Monday, May 23, 2011

Helsinki, Finland

Helsinki, Finland is a huge attraction to millions of visitors every year for many reasons. It is the capital of Finland and is the world’s northernmost urban area. Established in 1550, Helsinki has developed a rich history that is still embraced by its locals. The city is a leader in architecture and design and is famously known for its numerous Art Nouveau buildings. The most unique part of the city is its climate. Because of its high latitude, Helsinki experiences less than six hours of sunlight around the winter solstice and close to nineteen hours around the summer solstice.

The Helsinki Cathedral is perhaps the most popular attraction in Helsinki and its symbol. Built from 1830 and finished in 1852, the Cathedral was known as the St. Nicholas’ Church until Finland’s independence from Russia. Around 350,000 people visit the church annually, mostly tourists but also by regular attendees. The cathedral hosts weddings, religious events and organ recitals around the calendar and the admission for tours of the cathedral is free if you’re up for a visit!

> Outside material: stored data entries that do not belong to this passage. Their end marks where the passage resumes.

theorem lemma2p6:
  fixes cmult :: "complex \<Rightarrow> 'a::{real_normed_algebra_1, banach} \<Rightarrow> 'a"
    and star :: "'a \<Rightarrow> 'a"
    and \<mu> :: "('x::metric_space \<Rightarrow>\<^sub>C 'a) \<Rightarrow> complex"
    and nrm :: "'a \<Rightarrow> real"
    and q :: lip_kind
  assumes "compact (UNIV :: 'x set)"
    and "cstar_algebra cmult star"
    and "is_state cmult star \<mu>"
    and "equiv_norm nrm"
  shows "lower_semicont (Lip_q q cmult nrm \<mu>)
    \<and> closure {a. Lip_q q cmult nrm \<mu> a < top} = UNIV
    \<and> {a. self_adjoint star a}
        \<subseteq> closure {a. self_adjoint star a \<and> Lip_q q cmult nrm \<mu> a < top}"
proof -
  interpret cstar_state cmult star \<mu>
    using assms(1-3) by (simp add: cstar_state_def cstar_state_axioms_def)
  have approx: "\<exists>f. dist f a < e \<and> Lip_q q cmult nrm \<mu> f < top \<and> (self_adjoint star a \<longrightarrow> self_adjoint star f)"
    if "0 < e" for a e
    by (rule Lip_q_approximation[OF assms(1,4) that, of a q \<mu>]) blast
  then have "closure {a. Lip_q q cmult nrm \<mu> a < top} = UNIV"
    by (fastforce simp: closure_approachable)
  moreover have "{a. self_adjoint star a} \<subseteq> closure {a. self_adjoint star a \<and> Lip_q q cmult nrm \<mu> a < top}"
    using approx by (fastforce simp: closure_approachable)
  ultimately show ?thesis
    using lower_semicont_Lip_q[OF assms(4)] by blast
qed

end
lemma filtered_family_upper_singletons:
  assumes "directed D"
  shows "filtered_family ((\<lambda>d. upper {d}) ` D)"
  unfolding filtered_family_def
proof (intro conjI ballI)
  show "(\<lambda>d. upper {d}) ` D \<noteq> {}"
    using assms unfolding directed_def by blast
next
  fix K1 K2 assume "K1 \<in> (\<lambda>d. upper {d}) ` D" "K2 \<in> (\<lambda>d. upper {d}) ` D"
  then obtain a b where ab: "a \<in> D" "b \<in> D" "K1 = upper {a}" "K2 = upper {b}"
    by blast
  then obtain c where c: "c \<in> D" "a \<le> c" "b \<le> c"
    using assms unfolding directed_def by blast
  then have "upper {c} \<subseteq> K1" "upper {c} \<subseteq> K2"
    using ab unfolding upper_def by (auto intro: order_trans)
  then show "\<exists>K3\<in>(\<lambda>d. upper {d}) ` D. K3 \<subseteq> K1 \<and> K3 \<subseteq> K2"
    using c by blast
qed

lemma compactin_directed_cover:
  fixes W :: "'i::order \<Rightarrow> 'a set"
  assumes "compactin X K" "directed D" "mono W"
    and "\<And>d. d \<in> D \<Longrightarrow> openin X (W d)" "K \<subseteq> \<Union> (W ` D)"
  obtains d where "d \<in> D" "K \<subseteq> W d"
proof -
  have "\<forall>U\<in>W ` D. openin X U"
    using assms(4) by blast
  then obtain \<F> where \<F>: "finite \<F>" "\<F> \<subseteq> W ` D" "K \<subseteq> \<Union>\<F>"
    using assms(1,5) unfolding compactin_def by meson
  then obtain F where F: "F \<subseteq> D" "finite F" "\<F> = W ` F"
    by (meson finite_subset_image)
  obtain u where u: "u \<in> D" "\<forall>f\<in>F. f \<le> u"
    using directed_finite_upper_bound[OF assms(2) F(2,1)] by blast
  have "W f \<subseteq> W u" if "f \<in> F" for f
    using u(2) that monoD[OF assms(3)] by blast
  then have "K \<subseteq> W u"
    using \<F>(3) F(3) by blast
  then show ?thesis
    using that u(1) by blast
qed

text \<open>Zorn's lemma, applied to closed sets ordered by reverse inclusion: by the finite intersection
  property, the intersection of a chain of closed sets meeting a compact set still meets it.\<close>

lemma closedin_minimal_meeting_compacts:
  assumes compact: "\<And>K. K \<in> \<K> \<Longrightarrow> compactin X K"
    and "closedin X A" and "\<forall>K\<in>\<K>. A \<inter> K \<noteq> {}"
  obtains F where "closedin X F" "F \<subseteq> A" "\<forall>K\<in>\<K>. F \<inter> K \<noteq> {}"
    "\<And>B. closedin X B \<Longrightarrow> B \<subseteq> F \<Longrightarrow> \<forall>K\<in>\<K>. B \<inter> K \<noteq> {} \<Longrightarrow> B = F"
proof -
  define \<B> where "\<B> = {B. closedin X B \<and> B \<subseteq> A \<and> (\<forall>K\<in>\<K>. B \<inter> K \<noteq> {})}"
  have "\<exists>F\<in>\<B>. \<forall>B\<in>\<B>. B \<subseteq> F \<longrightarrow> B = F"
  proof (rule predicate_Zorn)
    show "partial_order_on \<B> (relation_of (\<lambda>B B'. B' \<subseteq> B) \<B>)"
      by (rule partial_order_on_relation_ofI) auto
  next
    fix \<C> assume \<C>: "\<C> \<in> Chains (relation_of (\<lambda>B B'. B' \<subseteq> B) \<B>)"
    then have "\<C> \<subseteq> \<B>"
      by (rule Chains_relation_of)
    have "subset.chain UNIV \<C>"
      using \<C> unfolding Chains_def relation_of_def subset_chain_def by blast
    show "\<exists>F\<in>\<B>. \<forall>B\<in>\<C>. F \<subseteq> B"
    proof (cases "\<C> = {}")
      case True
      then show ?thesis
        using assms(2,3) unfolding \<B>_def by auto
    next
      case False
      have "K \<inter> \<Inter>\<C> \<noteq> {}" if K: "K \<in> \<K>" for K
      proof -
        have "K \<inter> \<Inter>\<F> \<noteq> {}" if "finite \<F>" "\<F> \<subseteq> \<C>" for \<F>
        proof (cases "\<F> = {}")
          case True
          then show ?thesis
            using \<open>\<C> \<subseteq> \<B>\<close> \<open>\<C> \<noteq> {}\<close> K unfolding \<B>_def by auto
        next
          case False
          moreover have "subset.chain UNIV \<F>"
            using \<open>subset.chain UNIV \<C>\<close> that(2) unfolding subset_chain_def by auto
          ultimately have "\<Inter>\<F> \<in> \<F>"
            using Inter_in_chain that(1) by blast
          then show ?thesis
            using that \<open>\<C> \<subseteq> \<B>\<close> K unfolding \<B>_def by blast
        qed
        moreover have "\<forall>C\<in>\<C>. closedin X C"
          using \<open>\<C> \<subseteq> \<B>\<close> unfolding \<B>_def by auto
        ultimately show ?thesis
          using compact[OF K] unfolding compactin_fip by blast
      qed
      moreover have "closedin X (\<Inter>\<C>)"
        using \<open>\<C> \<subseteq> \<B>\<close> False unfolding \<B>_def by (intro closedin_Inter) auto
      moreover have "\<Inter>\<C> \<subseteq> A"
        using \<open>\<C> \<subseteq> \<B>\<close> False unfolding \<B>_def by blast
      ultimately have "\<Inter>\<C> \<in> \<B>"
        unfolding \<B>_def by (auto simp: Int_commute)
      then show ?thesis
        by blast
    qed
  qed
  then obtain F where F: "F \<in> \<B>" "\<And>B. B \<in> \<B> \<Longrightarrow> B \<subseteq> F \<Longrightarrow> B = F"
    by blast
  show ?thesis
  proof (rule that)
    show "closedin X F" "F \<subseteq> A" "\<forall>K\<in>\<K>. F \<inter> K \<noteq> {}"
      using F(1) unfolding \<B>_def by auto
    show "B = F" if "closedin X B" "B \<subseteq> F" "\<forall>K\<in>\<K>. B \<inter> K \<noteq> {}" for B
      using F(1) that \<open>F \<subseteq> A\<close> by (intro F(2)) (auto simp: \<B>_def)
  qed
qed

Helsinki has over 80 museums, including the most popular Finnish museums. A big portion of them are art and design museums, but there are also unique museums such as the Fire Museum, Arabia Museum and Gallery, Kindergarten Museum, and the Submarine Vesikko Museum.

There are other places and events to attend in the city. Helsinki hosts the Helsinki Festival of arts and culture, which takes place every August. The city also hosted the fifteenth Summer Olympics in 1952 and the stadium is still maintained extremely well today.